[Excerpted records — start]

(* Let $\phi(x_1,\dots,x_n)=\bigwedge_{i=1}^m (c_{i1}\lor\cdots\lor c_{ik_i})$ be a CNF formula, where each $c_{ij}$ is a literal $x_l$ or $\lnot x_l$. Introduce fresh variables $y_1,\dots,y_m$ and define the 2-CNF formula $$\psi(x_1,\dots,x_n,y_1,\dots,y_m)=\bigwedge_{i=1}^m\bigwedge_{j=1}^{k_i}(\lnot c_{ij}\lor\lnot y_i).$$ Then $$\#(\phi)=\#\mathrm{SAT}_\pm\big(\psi,\{y_1,\dots,y_m\}\big),$$ where $\#(\phi)$ is the number of satisfying assignments of $\phi$.
   Context: For a CNF formula $f$ on variables $z_1,\dots,z_N$ and a set $S$ of its variables, $\#\mathrm{SAT}_\pm(f,S)$ is the sum of $f(\vec z)$ over assignments $\vec z$ in which the XOR of the variables in $S$ is $0$, minus the sum of $f(\vec z)$ over assignments in which that XOR is $1$. *)

theory Defs
  imports Main
begin

text \<open>A literal is a pair (variable, polarity): (v, True) is the positive literal v,
  (v, False) is the negative literal "not v". A clause is a list of literals,
  a CNF formula a list of clauses.\<close>

type_synonym 'v lit = "'v \<times> bool"
type_synonym 'v clause = "'v lit list"
type_synonym 'v cnf = "'v clause list"

definition lit_val :: "('v \<Rightarrow> bool) \<Rightarrow> 'v lit \<Rightarrow> bool" where
  "lit_val a l = (a (fst l) = snd l)"

definition neg_lit :: "'v lit \<Rightarrow> 'v lit" where
  "neg_lit l = (fst l, \<not> snd l)"

definition cnf_val :: "('v \<Rightarrow> bool) \<Rightarrow> 'v cnf \<Rightarrow> bool" where
  "cnf_val a f = (\<forall>c\<in>set f. \<exists>l\<in>set c. lit_val a l)"

definition assignments :: "'v set \<Rightarrow> ('v \<Rightarrow> bool) set" where
  "assignments V = {a. \<forall>v. v \<notin> V \<longrightarrow> a v = False}"

definition count_sat :: "'v set \<Rightarrow> 'v cnf \<Rightarrow> nat" where
  "count_sat V f = card {a \<in> assignments V. cnf_val a f}"

definition xor_set :: "('v \<Rightarrow> bool) \<Rightarrow> 'v set \<Rightarrow> bool" where
  "xor_set a S = odd (card {v\<in>S. a v})"

definition sharp_sat_pm :: "'v set \<Rightarrow> 'v cnf \<Rightarrow> 'v set \<Rightarrow> int" where
  "sharp_sat_pm V f S =
     int (card {a \<in> assignments V. cnf_val a f \<and> \<not> xor_set a S})
   - int (card {a \<in> assignments V. cnf_val a f \<and> xor_set a S})"

text \<open>The 2-CNF psi: variables Inl l for x_l, Inr i for y_i; for each clause i and
  each literal c_ij of it, the clause (not c_ij or not y_i).\<close>
definition psi :: "nat cnf \<Rightarrow> (nat + nat) cnf" where
  "psi phi = concat (map (\<lambda>i. map (\<lambda>l. [neg_lit (apfst Inl l), (Inr i, False)]) (phi ! i))
                       [0..<length phi])"

end

theory Submission
  imports Defs
begin

text \<open>Fix an assignment x of the x-variables and let U be the set of clauses of phi that x
  falsifies. An extension of x by the y-variables true exactly on T satisfies psi iff
  T \<subseteq> U, and it enters the signed count with weight (-1)^|T|. Summing over T gives
  \<Sum>T\<subseteq>U. (-1)^|T|, which is 1 if U is empty, i.e. if x satisfies phi, and 0 otherwise.\<close>

lemma sum_Pow_minus_one_power_card:
  assumes "finite U"
  shows "(\<Sum>T\<in>Pow U. (-1::'a::comm_ring_1) ^ card T) = (if U = {} then 1 else 0)"
proof -
  have "(\<Prod>x\<in>U. (1::'a) - 1) = (\<Sum>T\<in>Pow U. (-1) ^ card T * (\<Prod>x\<in>T. 1) * (\<Prod>x\<in>U-T. 1))"
    by (rule prod_diff_conv_sum[OF assms])
  then show ?thesis
    using assms by (simp add: power_0_left card_eq_0_iff)
qed

lemma bij_betw_Pow_assignments: "bij_betw (\<lambda>T v. v \<in> T) (Pow V) (assignments V)"
proof (rule bij_betw_imageI)
  show "inj_on (\<lambda>T v. v \<in> T) (Pow V)"
    by (rule inj_onI) (simp add: fun_eq_iff set_eq_iff)
  show "(\<lambda>T v. v \<in> T) ` Pow V = assignments V"
  proof
    show "assignments V \<subseteq> (\<lambda>T v. v \<in> T) ` Pow V"
    proof
      fix a assume "a \<in> assignments V"
      then have "a = (\<lambda>v. v \<in> {v\<in>V. a v})" "{v\<in>V. a v} \<in> Pow V"
        by (auto simp: assignments_def)
      then show "a \<in> (\<lambda>T v. v \<in> T) ` Pow V" by blast
    qed
  qed (auto simp: assignments_def)
qed

lemma finite_assignments: "finite V \<Longrightarrow> finite (assignments V)"
  by (metis bij_betw_finite bij_betw_Pow_assignments finite_Pow_iff)

lemma bij_betw_case_sum_assignments:
  "bij_betw (\<lambda>(x, y). case_sum x y) (assignments A \<times> assignments B)
     (assignments (Inl ` A \<union> Inr ` B))"
proof (rule bij_betw_imageI)
  show "inj_on (\<lambda>(x, y). case_sum x y) (assignments A \<times> assignments B)"
  proof (rule inj_onI, clarsimp)
    fix x y x' y' :: "_ \<Rightarrow> bool"
    assume "case_sum x y = case_sum x' y'"
    then have "case_sum x y \<circ> Inl = case_sum x' y' \<circ> Inl" "case_sum x y \<circ> Inr = case_sum x' y' \<circ> Inr"
      by simp_all
    then show "x = x' \<and> y = y'" by (metis case_sum_o_inj)
  qed
  show "(\<lambda>(x, y). case_sum x y) ` (assignments A \<times> assignments B) = assignments (Inl ` A \<union> Inr ` B)"
  proof
    show "assignments (Inl ` A \<union> Inr ` B) \<subseteq> (\<lambda>(x, y). case_sum x y) ` (assignments A \<times> assignments B)"
    proof
      fix a assume a: "a \<in> assignments (Inl ` A \<union> Inr ` B)"
      have "a = case_sum (a \<circ> Inl) (a \<circ> Inr)"
        by (rule ext) (simp split: sum.split)
      moreover have "(a \<circ> Inl, a \<circ> Inr) \<in> assignments A \<times> assignments B"
        using a by (auto simp: assignments_def)
      ultimately show "a \<in> (\<lambda>(x, y). case_sum x y) ` (assignments A \<times> assignments B)"
        by force
    qed
  next
    show "(\<lambda>(x, y). case_sum x y) ` (assignments A \<times> assignments B) \<subseteq> assignments (Inl ` A \<union> Inr ` B)"
    proof (clarsimp simp: assignments_def)
      fix x y v
      assume "\<forall>v. v \<notin> A \<longrightarrow> \<not> x v" "\<forall>v. v \<notin> B \<longrightarrow> \<not> y v"
        "v \<notin> Inl ` A" "v \<notin> Inr ` B" "case_sum x y v"
      then show False by (cases v) auto
    qed
  qed
qed

definition sat_sign :: "'v cnf \<Rightarrow> 'v set \<Rightarrow> ('v \<Rightarrow> bool) \<Rightarrow> int" where
  "sat_sign f S a = (if cnf_val a f then (if xor_set a S then -1 else 1) else 0)"

lemma sharp_sat_pm_eq_sum_sat_sign:
  assumes "finite V"
  shows "sharp_sat_pm V f S = (\<Sum>a\<in>assignments V. sat_sign f S a)"
proof -
  have "(\<Sum>a\<in>assignments V. sat_sign f S a)
      = (\<Sum>a\<in>assignments V. (if cnf_val a f \<and> \<not> xor_set a S then 1 else 0)
                           - (if cnf_val a f \<and> xor_set a S then 1 else 0))"
    by (rule sum.cong) (auto simp: sat_sign_def)
  also have "\<dots> = sharp_sat_pm V f S"
    using finite_assignments[OF assms]
    by (simp add: sum_subtractf sum.If_cases Int_def sharp_sat_pm_def)
  finally show ?thesis by simp
qed

lemma count_sat_eq_sum:
  assumes "finite V"
  shows "int (count_sat V f) = (\<Sum>a\<in>assignments V. if cnf_val a f then 1 else 0)"
  using finite_assignments[OF assms] by (simp add: count_sat_def sum.If_cases Int_def)

definition falsified_clauses :: "('v \<Rightarrow> bool) \<Rightarrow> 'v cnf \<Rightarrow> nat set" where
  "falsified_clauses a f = {i. i < length f \<and> \<not> (\<exists>l\<in>set (f ! i). lit_val a l)}"

lemma cnf_val_iff_falsified_clauses_empty: "cnf_val a f \<longleftrightarrow> falsified_clauses a f = {}"
  by (auto simp: falsified_clauses_def cnf_val_def in_set_conv_nth) (meson nth_mem)

lemma cnf_val_psi_iff:
  assumes "T \<subseteq> {..<length phi}"
  shows "cnf_val (case_sum x (\<lambda>i. i \<in> T)) (psi phi) \<longleftrightarrow> T \<subseteq> falsified_clauses x phi"
  using assms
  by (auto simp: cnf_val_def psi_def lit_val_def neg_lit_def falsified_clauses_def subset_iff)

lemma xor_set_case_sum_Inr:
  assumes "finite T"
  shows "xor_set (case_sum x (\<lambda>i. i \<in> T)) (Inr ` B) = odd (card (T \<inter> B))"
proof -
  have "{v\<in>Inr ` B. case_sum x (\<lambda>i. i \<in> T) v} = Inr ` (T \<inter> B)"
    by auto
  then show ?thesis
    by (simp add: xor_set_def card_image)
qed

lemma sum_sat_sign_psi:
  fixes phi :: "nat cnf"
  defines "m \<equiv> length phi"
  shows "(\<Sum>y\<in>assignments {..<m}. sat_sign (psi phi) (Inr ` {..<m}) (case_sum x y))
       = (if cnf_val x phi then 1 else 0)"
proof -
  let ?U = "falsified_clauses x phi"
  have U_sub: "?U \<subseteq> {..<m}"
    by (auto simp: falsified_clauses_def m_def)
  have sign_eq: "sat_sign (psi phi) (Inr ` {..<m}) (case_sum x (\<lambda>i. i \<in> T))
        = (if T \<subseteq> ?U then (-1) ^ card T else 0)" if "T \<in> Pow {..<m}" for T
  proof -
    have "finite T" "T \<inter> {..<m} = T"
      using that finite_subset by auto
    then show ?thesis
      using that by (simp add: sat_sign_def cnf_val_psi_iff m_def xor_set_case_sum_Inr)
  qed
  have "(\<Sum>y\<in>assignments {..<m}. sat_sign (psi phi) (Inr ` {..<m}) (case_sum x y))
      = (\<Sum>T\<in>Pow {..<m}. sat_sign (psi phi) (Inr ` {..<m}) (case_sum x (\<lambda>i. i \<in> T)))"
    by (rule sum.reindex_bij_betw[OF bij_betw_Pow_assignments, symmetric])
  also have "\<dots> = (\<Sum>T\<in>Pow {..<m}. if T \<subseteq> ?U then (-1) ^ card T else 0)"
    by (rule sum.cong) (simp_all add: sign_eq)
  also have "\<dots> = (\<Sum>T\<in>Pow ?U. (-1) ^ card T)"
  proof -
    have "{T\<in>Pow {..<m}. T \<subseteq> ?U} = Pow ?U"
      using U_sub by auto
    then show ?thesis
      by (simp add: sum.inter_filter[symmetric])
  qed
  also have "\<dots> = (if cnf_val x phi then 1 else 0)"
    using finite_subset[OF U_sub]
    by (simp add: sum_Pow_minus_one_power_card cnf_val_iff_falsified_clauses_empty)
  finally show ?thesis .
qed

theorem mainTheorem3:
  fixes n :: nat and phi :: "nat cnf"
  assumes "\<forall>c\<in>set phi. \<forall>l\<in>set c. fst l < n"
  shows "int (count_sat {..<n} phi)
         = sharp_sat_pm (Inl ` {..<n} \<union> Inr ` {..<length phi}) (psi phi) (Inr ` {..<length phi})"
proof -
  let ?m = "length phi" and ?sign = "sat_sign (psi phi) (Inr ` {..<length phi})"
  have "int (count_sat {..<n} phi) = (\<Sum>x\<in>assignments {..<n}. if cnf_val x phi then 1 else 0)"
    by (simp add: count_sat_eq_sum)
  also have "\<dots> = (\<Sum>x\<in>assignments {..<n}. \<Sum>y\<in>assignments {..<?m}. ?sign (case_sum x y))"
    by (simp add: sum_sat_sign_psi)
  also have "\<dots> = (\<Sum>(x, y)\<in>assignments {..<n} \<times> assignments {..<?m}. ?sign (case_sum x y))"
    by (rule sum.cartesian_product)
  also have "\<dots> = (\<Sum>a\<in>assignments (Inl ` {..<n} \<union> Inr ` {..<?m}). ?sign a)"
    using sum.reindex_bij_betw[OF bij_betw_case_sum_assignments, of ?sign]
    by (simp add: case_prod_unfold)
  also have "\<dots> = sharp_sat_pm (Inl ` {..<n} \<union> Inr ` {..<?m}) (psi phi) (Inr ` {..<?m})"
    by (simp add: sharp_sat_pm_eq_sum_sat_sign)
  finally show ?thesis .
qed

end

[Excerpted records — finish]

__Your goal__
Above are the entries. Copy exactly the part that opens with the line containing "S = (\<Sum>a\<in>assignments" and closes with the line containing "by (rule sum.cong) (auto", and no more.

__Answer section__
  shows "sharp_sat_pm V f S = (\<Sum>a\<in>assignments V. sat_sign f S a)"
proof -
  have "(\<Sum>a\<in>assignments V. sat_sign f S a)
      = (\<Sum>a\<in>assignments V. (if cnf_val a f \<and> \<not> xor_set a S then 1 else 0)
                           - (if cnf_val a f \<and> xor_set a S then 1 else 0))"
    by (rule sum.cong) (auto simp: sat_sign_def)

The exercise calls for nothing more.